Description of the task: How do the lines below between the ones holding "z = symdiff" and "dvd 2 * card", inclusive, read? Give them again exactly, with no other lines.

Task data:

■ ■ ■

(* Automorphisms, identified with the permutations of V they induce
   (normalised to be the identity outside V). *)
definition adinkra_aut ::
  "nat \<Rightarrow> 'v set \<Rightarrow> ('v \<Rightarrow> bool) \<Rightarrow> (nat \<Rightarrow> 'v \<Rightarrow> 'v) \<Rightarrow> ('v set \<Rightarrow> bool) \<Rightarrow> ('v \<Rightarrow> 'v) set" where
  "adinkra_aut N V boson nb dashed =
     {\<sigma>. bij_betw \<sigma> V V \<and> (\<forall>v. v \<notin> V \<longrightarrow> \<sigma> v = v) \<and>
          (\<forall>v\<in>V. boson (\<sigma> v) = boson v) \<and>
          (\<forall>i<N. \<forall>v\<in>V. \<sigma> (nb i v) = nb i (\<sigma> v)) \<and>
          (\<exists>S. \<forall>i<N. \<forall>v\<in>V.
             dashed {\<sigma> v, \<sigma> (nb i v)} = (dashed {v, nb i v} \<noteq> ((v \<in> S) \<noteq> (nb i v \<in> S))))}"

definition aut_orbits ::
  "nat \<Rightarrow> 'v set \<Rightarrow> ('v \<Rightarrow> bool) \<Rightarrow> (nat \<Rightarrow> 'v \<Rightarrow> 'v) \<Rightarrow> ('v set \<Rightarrow> bool) \<Rightarrow> 'v set set" where
  "aut_orbits N V boson nb dashed =
     (\<lambda>v. (\<lambda>\<sigma>. \<sigma> v) ` adinkra_aut N V boson nb dashed) ` V"

definition coset :: "nat set set \<Rightarrow> nat set \<Rightarrow> nat set set" where
  "coset C x = (\<lambda>c. symdiff x c) ` C"

definition quot_vertices :: "nat \<Rightarrow> nat set set \<Rightarrow> nat set set set" where
  "quot_vertices N C = {coset C x | x. x \<subseteq> {..<N}}"

definition quot_nb :: "nat \<Rightarrow> nat set set \<Rightarrow> nat set set" where
  "quot_nb i X = (\<lambda>y. symdiff y {i}) ` X"

(* C is an associated code of G: G is equivalent (colour- and bipartition-preserving
   graph isomorphism, parities agreeing after switching a set S of vertices) to an
   Adinkra obtained from the N-cube by identifying vertices whose labels differ by C. *)
definition associated_code ::
  "nat \<Rightarrow> 'v set \<Rightarrow> ('v \<Rightarrow> bool) \<Rightarrow> (nat \<Rightarrow> 'v \<Rightarrow> 'v) \<Rightarrow> ('v set \<Rightarrow> bool) \<Rightarrow> nat set set \<Rightarrow> bool" where
  "associated_code N V boson nb dashed C \<longleftrightarrow>
     (\<exists>(bQ :: nat set set \<Rightarrow> bool) (dQ :: nat set set set \<Rightarrow> bool) (\<phi> :: 'v \<Rightarrow> nat set set).
        adinkra N (quot_vertices N C) bQ quot_nb dQ \<and>
        bij_betw \<phi> V (quot_vertices N C) \<and>
        (\<forall>v\<in>V. bQ (\<phi> v) = boson v) \<and>
        (\<forall>i<N. \<forall>v\<in>V. \<phi> (nb i v) = quot_nb i (\<phi> v)) \<and>
        (\<exists>S. \<forall>i<N. \<forall>v\<in>V.
           dQ {\<phi> v, \<phi> (nb i v)} = (dashed {v, nb i v} \<noteq> ((v \<in> S) \<noteq> (nb i v \<in> S)))))"

end

theory Submission
  imports Defs
begin

text \<open>Label the vertices of the Adinkra by the words of \<open>\<int>\<^sub>2\<^sup>N\<close> modulo the code \<open>C\<close>. An
  automorphism commutes with all colour involutions, so by connectedness it is a translation
  \<open>y \<mapsto> y + x\<close> of the labels; it preserves the bipartition iff \<open>|x|\<close> is even. The dashing is the
  standard dashing of the cube changed by a vertex switching, and comparing the two dashings shows
  that translation by \<open>x\<close> preserves the dashing up to switching iff \<open>x\<close> is orthogonal to \<open>C\<close>.
  So the automorphism group is \<open>X / C\<close>, where \<open>X\<close> is the dual of the code spanned by \<open>C\<close> and
  the all-ones word; that code has \<open>2\<^sup>k\<^sup>+\<^sup>a\<close> words, so \<open>|X| = 2\<^sup>N\<^sup>-\<^sup>k\<^sup>-\<^sup>a\<close>. The translations act
  freely, so every orbit has \<open>|Aut|\<close> elements and there are \<open>2\<^sup>N\<^sup>-\<^sup>k / |Aut|\<close> orbits.\<close>

section \<open>Symmetric difference and parity\<close>

lemma symdiff_commute: "symdiff x y = symdiff y x"
  unfolding symdiff_def by blast

lemma symdiff_assoc: "symdiff (symdiff x y) z = symdiff x (symdiff y z)"
  unfolding symdiff_def by blast

lemma symdiff_self [simp]: "symdiff x x = {}"
  and symdiff_empty [simp]: "symdiff x {} = x" "symdiff {} x = x"
  and symdiff_cancel [simp]: "symdiff x (symdiff x y) = y" "symdiff (symdiff y x) x = y"
  unfolding symdiff_def by blast+

lemma symdiff_singleton: "symdiff y {i} = (if i \<in> y then y - {i} else insert i y)"
  unfolding symdiff_def by auto

lemma insert_eq_symdiff_singleton: "i \<notin> y \<Longrightarrow> insert i y = symdiff y {i}"
  by (simp add: symdiff_singleton)

lemma symdiff_subset: "x \<subseteq> A \<Longrightarrow> y \<subseteq> A \<Longrightarrow> symdiff x y \<subseteq> A"
  unfolding symdiff_def by blast

lemma symdiff_Int_distrib: "symdiff a b \<inter> c = symdiff (a \<inter> c) (b \<inter> c)"
  unfolding symdiff_def by blast

lemma card_sym_diff_add_card_Int:
  assumes "finite a" "finite b"
  shows "card (sym_diff a b) + 2 * card (a \<inter> b) = card a + card b"
proof -
  have "card (sym_diff a b) = card (a - b) + card (b - a)"
    by (rule card_Un_disjoint) (use assms in auto)
  then show ?thesis
    using card_Int_Diff[OF assms(1), of b] card_Int_Diff[OF assms(2), of a] by (simp add: Int_commute)
qed

lemma even_card_sym_diff:
  assumes "finite a" "finite b"
  shows "even (card (sym_diff a b)) \<longleftrightarrow> (even (card a) \<longleftrightarrow> even (card b))"
  using card_sym_diff_add_card_Int[OF assms] by presburger

lemma even_card_symdiff:
  "finite a \<Longrightarrow> finite b \<Longrightarrow> even (card (symdiff a b)) \<longleftrightarrow> (even (card a) \<longleftrightarrow> even (card b))"
  unfolding symdiff_def by (rule even_card_sym_diff)

lemma even_card_Int_if_dvd_4:
  assumes "finite a" "finite b" "4 dvd card a" "4 dvd card b" "4 dvd card (symdiff a b)"
  shows "even (card (a \<inter> b))"
proof -
  have "4 dvd 2 * card (a \<inter> b)"
    using card_sym_diff_add_card_Int[OF assms(1,2), folded symdiff_def] assms(3-5) by (metis dvd_add_right_iff dvd_add)
  then show ?thesis by presburger
qed

lemma cube_induct [consumes 1, case_names empty flip]:
  assumes "y \<subseteq> {..<N}" "P {}"
    and "\<And>y i. y \<subseteq> {..<N} \<Longrightarrow> i < N \<Longrightarrow> i \<notin> y \<Longrightarrow> P y \<Longrightarrow> P (symdiff y {i})"
  shows "P y"
proof -
  have "finite y" using assms(1) finite_subset by blast
  then show ?thesis using assms(1)
  proof (induction y rule: finite_induct)
    case (insert i y)
    then have "P (symdiff y {i})" using assms(3)[of y i] by simp
    then show ?case using insert_eq_symdiff_singleton[OF insert.hyps(2)] by simp
  qed (use assms(2) in simp)
qed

■ ■ ■

Answer box:
lemma symdiff_assoc: "symdiff (symdiff x y) z = symdiff x (symdiff y z)"
  unfolding symdiff_def by blast

lemma symdiff_self [simp]: "symdiff x x = {}"
  and symdiff_empty [simp]: "symdiff x {} = x" "symdiff {} x = x"
  and symdiff_cancel [simp]: "symdiff x (symdiff x y) = y" "symdiff (symdiff y x) x = y"
  unfolding symdiff_def by blast+

lemma symdiff_singleton: "symdiff y {i} = (if i \<in> y then y - {i} else insert i y)"
  unfolding symdiff_def by auto

lemma insert_eq_symdiff_singleton: "i \<notin> y \<Longrightarrow> insert i y = symdiff y {i}"
  by (simp add: symdiff_singleton)

lemma symdiff_subset: "x \<subseteq> A \<Longrightarrow> y \<subseteq> A \<Longrightarrow> symdiff x y \<subseteq> A"
  unfolding symdiff_def by blast

lemma symdiff_Int_distrib: "symdiff a b \<inter> c = symdiff (a \<inter> c) (b \<inter> c)"
  unfolding symdiff_def by blast

lemma card_sym_diff_add_card_Int:
  assumes "finite a" "finite b"
  shows "card (sym_diff a b) + 2 * card (a \<inter> b) = card a + card b"
proof -
  have "card (sym_diff a b) = card (a - b) + card (b - a)"
    by (rule card_Un_disjoint) (use assms in auto)
  then show ?thesis
    using card_Int_Diff[OF assms(1), of b] card_Int_Diff[OF assms(2), of a] by (simp add: Int_commute)
qed

lemma even_card_sym_diff:
  assumes "finite a" "finite b"
  shows "even (card (sym_diff a b)) \<longleftrightarrow> (even (card a) \<longleftrightarrow> even (card b))"
  using card_sym_diff_add_card_Int[OF assms] by presburger

lemma even_card_symdiff:
  "finite a \<Longrightarrow> finite b \<Longrightarrow> even (card (symdiff a b)) \<longleftrightarrow> (even (card a) \<longleftrightarrow> even (card b))"
  unfolding symdiff_def by (rule even_card_sym_diff)

lemma even_card_Int_if_dvd_4:
  assumes "finite a" "finite b" "4 dvd card a" "4 dvd card b" "4 dvd card (symdiff a b)"
  shows "even (card (a \<inter> b))"
proof -
  have "4 dvd 2 * card (a \<inter> b)"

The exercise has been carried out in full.